In today's data-driven world, creating efficient and reliable data APIs is crucial for businesses to make informed decisions. However, setting up a data API can be a daunting task, requiring extensive knowledge of various data sources, data transformations, and REST or gRPC API generation. And Building low-latency data APIs that connect to multiple data sources can be a challenging task.
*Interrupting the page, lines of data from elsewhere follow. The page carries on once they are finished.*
lemma dim_le_if_orthogonal_part_in_sum_eigenspace:
  assumes X: "fd_subspace X" and Y: "fd_subspace Y" and A: "fd_subspace A" and B: "fd_subspace B"
    and s: "0 < s" "s < 2"
    and A_eigen: "\<forall>x\<in>A. orthproj B x = 0 \<longrightarrow> orthproj X x + orthproj Y x = s *\<^sub>R x"
    and B_eigen: "\<forall>y. orthproj X y + orthproj Y y = (2 - s) *\<^sub>R y \<longrightarrow> y \<in> B \<and> orthproj A y = 0"
  shows "cdim A \<le> cdim B"
proof (rule dim_le_if_orthogonal_part_embeds[OF A B])
  show "clinear (\<lambda>x. orthproj X x - orthproj Y x)"
    using clinear_orthproj[OF X] clinear_orthproj[OF Y] by (rule cvp.linear_compose_sub)
  show "\<forall>x\<in>A. orthproj B x = 0 \<longrightarrow>
      orthproj X x - orthproj Y x \<in> B \<and> orthproj A (orthproj X x - orthproj Y x) = 0"
    using A_eigen B_eigen orthproj_sum_eigenvector_swap[OF X Y] by blast
  show "\<forall>x\<in>A. orthproj B x = 0 \<longrightarrow> orthproj X x - orthproj Y x = 0 \<longrightarrow> x = 0"
  proof (intro ballI impI)
    fix x assume "x \<in> A" "orthproj B x = 0" "orthproj X x - orthproj Y x = 0"
    moreover from this have "orthproj X x + orthproj Y x = s *\<^sub>R x"
      using A_eigen by blast
    ultimately show "x = 0" using orthproj_sum_eigenvector_eq_0[OF X Y _ _ s] by simp
  qed
qed

locale projection_combination =
  fixes X Y Z V :: "'a::complex_inner set" and a :: real
  assumes X: "fd_subspace X" and Y: "fd_subspace Y" and Z: "fd_subspace Z" and V: "fd_subspace V"
    and a_gt: "1/2 < a" and a_ne_1: "a \<noteq> 1"
    and orthproj_V: "orthproj V x = a *\<^sub>R (orthproj X x + orthproj Y x) + (1 - 2 * a) *\<^sub>R orthproj Z x"
begin

abbreviation "P \<equiv> orthproj X"
abbreviation "Q \<equiv> orthproj Y"
abbreviation "R \<equiv> orthproj Z"
abbreviation "T \<equiv> orthproj V"

lemma a_nonzero: "a \<noteq> 0"
  using a_gt by simp

lemma power2_norm_T:
  "(norm (T x))\<^sup>2 = a * ((norm (P x))\<^sup>2 + (norm (Q x))\<^sup>2) + (1 - 2 * a) * (norm (R x))\<^sup>2"
proof -
  have "(norm (T x))\<^sup>2 = Re (cinner x (T x))" by (simp add: Re_cinner_orthproj[OF V])
  also have "\<dots> = a * (Re (cinner x (P x)) + Re (cinner x (Q x))) + (1 - 2 * a) * Re (cinner x (R x))"
    by (subst orthproj_V) (simp add: cinner_add_right cinner_scaleR_right)
  finally show ?thesis
    by (simp add: Re_cinner_orthproj[OF X] Re_cinner_orthproj[OF Y] Re_cinner_orthproj[OF Z])
qed

lemma sum_eigenvector_norm_relation:
  assumes "P y + Q y = s *\<^sub>R y"
  shows "a * s * (1 - a * s) * (norm y)\<^sup>2 = 2 * (1 - 2 * a) * (a * s - a) * (norm (R y))\<^sup>2"
proof -
  have "T y = (a * s) *\<^sub>R y + (1 - 2 * a) *\<^sub>R R y" using orthproj_V[of y] assms by simp
  from orthproj_combination_norm_relation[OF V Z this] show ?thesis
    by (simp add: algebra_simps)
qed

lemma orthproj_Y_inj_on_X:
  assumes "x \<in> X" "Q x = 0"
  shows "x = 0"
proof -
  have "P x + Q x = 1 *\<^sub>R x" using assms by (simp add: orthproj_id[OF X])
  from sum_eigenvector_norm_relation[OF this] have "a * (1 - a) * (norm x)\<^sup>2 = 0" by simp
  then show "x = 0" using a_gt a_ne_1 by simp
qed

lemma dim_X_eq_Y: "cdim X = cdim Y"
proof -
  interpret swapped: projection_combination Y X Z V a
    using X Y Z V a_gt a_ne_1 orthproj_V by unfold_locales (simp_all add: add.commute)
  show ?thesis
    using dim_le_if_orthproj_inj_on[OF X Y] dim_le_if_orthproj_inj_on[OF Y X]
      orthproj_Y_inj_on_X swapped.orthproj_Y_inj_on_X
    by (meson antisym)
qed

lemma V_orthogonal_part_sum_eigenvector:
  assumes "v \<in> V" "R v = 0"
  shows "P v + Q v = (1 / a) *\<^sub>R v"
proof -
  have "a *\<^sub>R (P v + Q v) = v" using orthproj_V[of v] assms orthproj_id[OF V] by simp
  then have "(1 / a) *\<^sub>R (a *\<^sub>R (P v + Q v)) = (1 / a) *\<^sub>R v" by simp
  then show ?thesis using a_nonzero by simp
qed

lemma sum_eigenvector_in_V:
  assumes "P y + Q y = (1 / a) *\<^sub>R y"
  shows "y \<in> V \<and> R y = 0"
proof -
  have "2 * (1 - 2 * a) * (1 - a) * (norm (R y))\<^sup>2 = 0"
    using sum_eigenvector_norm_relation[OF assms] a_nonzero by simp
  then have R: "R y = 0" using a_gt a_ne_1 by simp
  then have "T y = y" using orthproj_V[of y] assms a_nonzero by simp
  then show ?thesis using R orthproj_in[OF V, of y] by simp
qed

lemma Z_orthogonal_part_sum_eigenvector:
  assumes "z \<in> Z" "T z = 0"
  shows "P z + Q z = (2 - 1 / a) *\<^sub>R z"
proof -
  have "a *\<^sub>R (P z + Q z) = (2 * a - 1) *\<^sub>R z"
    using orthproj_V[of z] assms orthproj_id[OF Z] by (simp add: algebra_simps)
  then have "(1 / a) *\<^sub>R (a *\<^sub>R (P z + Q z)) = ((1 / a) * (2 * a - 1)) *\<^sub>R z" by simp
  moreover have "(1 / a) * (2 * a - 1) = 2 - 1 / a" using a_nonzero by (simp add: field_simps)
  ultimately show ?thesis using a_nonzero by simp
qed

lemma sum_eigenvector_in_Z:
  assumes "P y + Q y = (2 - 1 / a) *\<^sub>R y"
  shows "y \<in> Z \<and> T y = 0"
proof -
  have as: "a * (2 - 1 / a) = 2 * a - 1" using a_nonzero by (simp add: field_simps)
  have "(2 * a - 1) * (2 - 2 * a) * ((norm y)\<^sup>2 - (norm (R y))\<^sup>2) = 0"
    using sum_eigenvector_norm_relation[OF assms] unfolding as by (simp add: algebra_simps)
  then have "(norm y)\<^sup>2 = (norm (R y))\<^sup>2" using a_gt a_ne_1 by simp
  then have "(norm (y - R y))\<^sup>2 = 0"
    using power2_norm_diff[of y "R y"] Re_cinner_orthproj[OF Z, of y] by linarith
  then have Ry: "R y = y" by simp
  have "T y = (a * (2 - 1 / a)) *\<^sub>R y + (1 - 2 * a) *\<^sub>R y"
    using orthproj_V[of y] assms Ry by simp
  then have "T y = 0" unfolding as by (simp add: algebra_simps)
  then show ?thesis using Ry orthproj_in[OF Z, of y] by simp
qed

lemma dim_Z_eq_V: "cdim Z = cdim V"
proof (rule antisym)
  have "0 < 1 / a" "1 / a < 2" using a_gt by (auto simp: field_simps)
  then have "0 < 2 - 1 / a" "2 - 1 / a < 2" by auto
  then show "cdim Z \<le> cdim V"
  proof (rule dim_le_if_orthogonal_part_in_sum_eigenspace[OF X Y Z V])
    show "\<forall>x\<in>Z. T x = 0 \<longrightarrow> P x + Q x = (2 - 1 / a) *\<^sub>R x"
      using Z_orthogonal_part_sum_eigenvector by blast
    show "\<forall>y. P y + Q y = (2 - (2 - 1 / a)) *\<^sub>R y \<longrightarrow> y \<in> V \<and> R y = 0"
      using sum_eigenvector_in_V by simp
  qed
  show "cdim V \<le> cdim Z"
  proof (rule dim_le_if_orthogonal_part_in_sum_eigenspace[OF X Y V Z])
    show "\<forall>x\<in>V. R x = 0 \<longrightarrow> P x + Q x = (1 / a) *\<^sub>R x"
      using V_orthogonal_part_sum_eigenvector by blast
    show "\<forall>y. P y + Q y = (2 - 1 / a) *\<^sub>R y \<longrightarrow> y \<in> Z \<and> T y = 0"
      using sum_eigenvector_in_Z by blast
  qed fact+
qed

lemma orthproj_X_inj_on_V:
  assumes "a < 1" "v \<in> V" "P v = 0"
  shows "v = 0"
proof -
  have "(norm v)\<^sup>2 = a * (norm (Q v))\<^sup>2 + (1 - 2 * a) * (norm (R v))\<^sup>2"
    using power2_norm_T[of v] assms orthproj_id[OF V] by simp
  moreover have "a * (norm (Q v))\<^sup>2 \<le> a * (norm v)\<^sup>2"
    using norm_orthproj_le[OF Y] a_gt by (simp add: mult_left_mono)
  moreover have "(1 - 2 * a) * (norm (R v))\<^sup>2 \<le> 0"
    using a_gt by (simp add: mult_nonpos_nonneg)
  ultimately have "(1 - a) * (norm v)\<^sup>2 \<le> 0" by (simp add: algebra_simps)
  then show "v = 0" using assms(1) by (simp add: mult_le_0_iff)
qed

lemma orthproj_V_inj_on_X:
  assumes "a < 1" "x \<in> X" "T x = 0"
  shows "x = 0"
proof -
  have "0 = a * ((norm x)\<^sup>2 + (norm (Q x))\<^sup>2) + (1 - 2 * a) * (norm (R x))\<^sup>2"
    using power2_norm_T[of x] assms orthproj_id[OF X] by simp
  moreover have "(1 - 2 * a) * (norm x)\<^sup>2 \<le> (1 - 2 * a) * (norm (R x))\<^sup>2"
    using norm_orthproj_le[OF Z] a_gt by (simp add: mult_left_mono_neg)
  moreover have "0 \<le> a * (norm (Q x))\<^sup>2"
    using a_gt by simp
  ultimately have "(1 - a) * (norm x)\<^sup>2 \<le> 0" by (simp add: algebra_simps)
  then show "x = 0" using assms(1) by (simp add: mult_le_0_iff)
qed

lemma orthproj_X_inj_on_Z:
  assumes "1 < a" "z \<in> Z" "P z = 0"
  shows "z = 0"
proof -
  have "(norm (T z))\<^sup>2 = a * (norm (Q z))\<^sup>2 + (1 - 2 * a) * (norm z)\<^sup>2"
    using power2_norm_T[of z] assms orthproj_id[OF Z] by simp
  moreover have "a * (norm (Q z))\<^sup>2 \<le> a * (norm z)\<^sup>2"
    using norm_orthproj_le[OF Y] a_gt by (simp add: mult_left_mono)
  ultimately have "(norm (T z))\<^sup>2 \<le> (1 - a) * (norm z)\<^sup>2" by (simp add: algebra_simps)
  then have "0 \<le> (1 - a) * (norm z)\<^sup>2" using zero_le_power2 order_trans by blast
  then show "z = 0" using assms(1) by (simp add: zero_le_mult_iff)
qed

lemma orthproj_Z_inj_on_X:
  assumes "1 < a" "x \<in> X" "R x = 0"
  shows "x = 0"
proof -
  have "(norm (T x))\<^sup>2 = a * ((norm x)\<^sup>2 + (norm (Q x))\<^sup>2)"
    using power2_norm_T[of x] assms orthproj_id[OF X] by simp
  moreover have "(norm (T x))\<^sup>2 \<le> (norm x)\<^sup>2"
    by (rule norm_orthproj_le[OF V])
  moreover have "0 \<le> a * (norm (Q x))\<^sup>2"
    using a_gt by simp
  ultimately have "(a - 1) * (norm x)\<^sup>2 \<le> 0" by (simp add: algebra_simps)
  then show "x = 0" using assms(1) by (simp add: mult_le_0_iff)
qed

lemma dim_Z_eq_X: "cdim Z = cdim X"
proof (cases "a < 1")
  case True
  have "cdim V = cdim X"
    using dim_le_if_orthproj_inj_on[OF V X] dim_le_if_orthproj_inj_on[OF X V]
      orthproj_X_inj_on_V[OF True] orthproj_V_inj_on_X[OF True]
    by (meson antisym)
  then show ?thesis using dim_Z_eq_V by simp
next
  case False
  then have "1 < a" using a_ne_1 by simp
  then show ?thesis
    using dim_le_if_orthproj_inj_on[OF Z X] dim_le_if_orthproj_inj_on[OF X Z]
      orthproj_X_inj_on_Z orthproj_Z_inj_on_X
    by (meson antisym)
qed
This is where Dozer comes in, an open-source data API backend that implements uses a Real-Time SQL Engine and automatically generates REST and gRPC APIs. Using a simple YAML configuration, Dozer can connect to any data source, transform and store data in an embedded cache, create secondary indexes, and generate low-latency data APIs. In this talk, we'll explore how to create data APIs with Dozer using Python and Postgres, demonstrating how easy and powerful it is to build data APIs using YAML and Dozer.
In this talk, we will introduce Dozer, an open-source data API backend that enables developers to connect to any data source, transform and store the data in an embedded cache powered by LMDB, automatically create secondary indexes, and instantly generate REST and gRPC APIs. With Dozer, it's possible to combine multiple data sources in real time and instantly obtain low-latency Data APIs with just a simple configuration.
We will provide a use case for Dozer by demonstrating how it can be used with Python and Postgres to create a Data API. We will walk through creating a YAML configuration file, which Dozer will use to generate the API endpoints. We will show how Dozer can easily combine data from multiple sources and expose it through a single endpoint.
Attendees will leave this talk with a clear understanding of how Dozer can be used to create powerful Data APIs with minimal setup and configuration. They will also better understand the benefits of real-time SQL engines and how they can be leveraged to create fast and efficient data pipelines.